I can't wait until Olivia's Winter Break is over, so we loyal readers can again be treated to Henry's postings and comments. I feel kind of lost.Henry, you should know: Your kind comment a few days ago attempting to pump up my fragile self-esteem had an actual effect on my life. I said, "Fuck yeah, maybe I can write." And I worked for about three hours on Monday on a short story that had been festering as a skeleton of ideas in my head for a while. And suddenly I find myself researching and considering the possibility of taking a writing class in the evenings this Spring.When my motivation again wanes, I may ask you to cut and paste your remark into a new comment.
That’s incredible, thank you. It’s just as good for my self-esteem that you wrote that. I’d love to read anything that you’ve done, past or present.

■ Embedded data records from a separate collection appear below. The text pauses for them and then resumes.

definition dominated_graph :: "('v::real_vector \<Rightarrow> real) \<Rightarrow> ('v \<times> real) set \<Rightarrow> bool" where
  "dominated_graph p G \<longleftrightarrow> subspace G \<and> single_valued G \<and> (\<forall>(x, a)\<in>G. a \<le> p x)"

lemma subspace_Union_chain:
  assumes "C \<noteq> {}" "chain\<^sub>\<subseteq> C" "\<And>S. S \<in> C \<Longrightarrow> subspace S"
  shows "subspace (\<Union>C)"
  unfolding subspace_def
proof (intro conjI ballI allI)
  show "0 \<in> \<Union>C" using assms(1,3) subspace_0 by blast
next
  fix x y assume "x \<in> \<Union>C" "y \<in> \<Union>C"
  then obtain S T where "S \<in> C" "T \<in> C" "x \<in> S" "y \<in> T" by blast
  with assms(2,3) show "x + y \<in> \<Union>C"
    unfolding chain_subset_def by (metis UnionI subsetD subspace_add)
next
  fix c x assume "x \<in> \<Union>C"
  with assms(3) show "c *\<^sub>R x \<in> \<Union>C" by (blast intro: subspace_scale)
qed

lemma single_valued_Union_chain:
  assumes "chain\<^sub>\<subseteq> C" "\<And>R. R \<in> C \<Longrightarrow> single_valued R"
  shows "single_valued (\<Union>C)"
proof (rule single_valuedI)
  fix x y z assume "(x, y) \<in> \<Union>C" "(x, z) \<in> \<Union>C"
  then obtain R S where "R \<in> C" "S \<in> C" "(x, y) \<in> R" "(x, z) \<in> S" by blast
  with assms show "y = z" unfolding chain_subset_def by (metis single_valuedD subsetD)
qed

I need to do my paying job during Olivia’s afternoon nap so I don’t have much time to do any other writing. I hope I haven’t started any arguments with you and your wife about having kids. Olivia’s like an advertisement for child bearing. Though since having a baby I want everyone else to have babies as well. I was totally unprepared but I’ve managed to do it.
Oh, no arguments. We both want kids, and we're roughly on the same page as to when to do it. If anything, I'm a little more eager than she is. I always expected to have a baby on the ground by age 30. I'm running nearly three years late, but, then again, I procrastinate in just about every area of my life.As for reading anything I've written, I really appreciate the offer, and I may take you up on it. First, though, I have to generate something non-humiliating.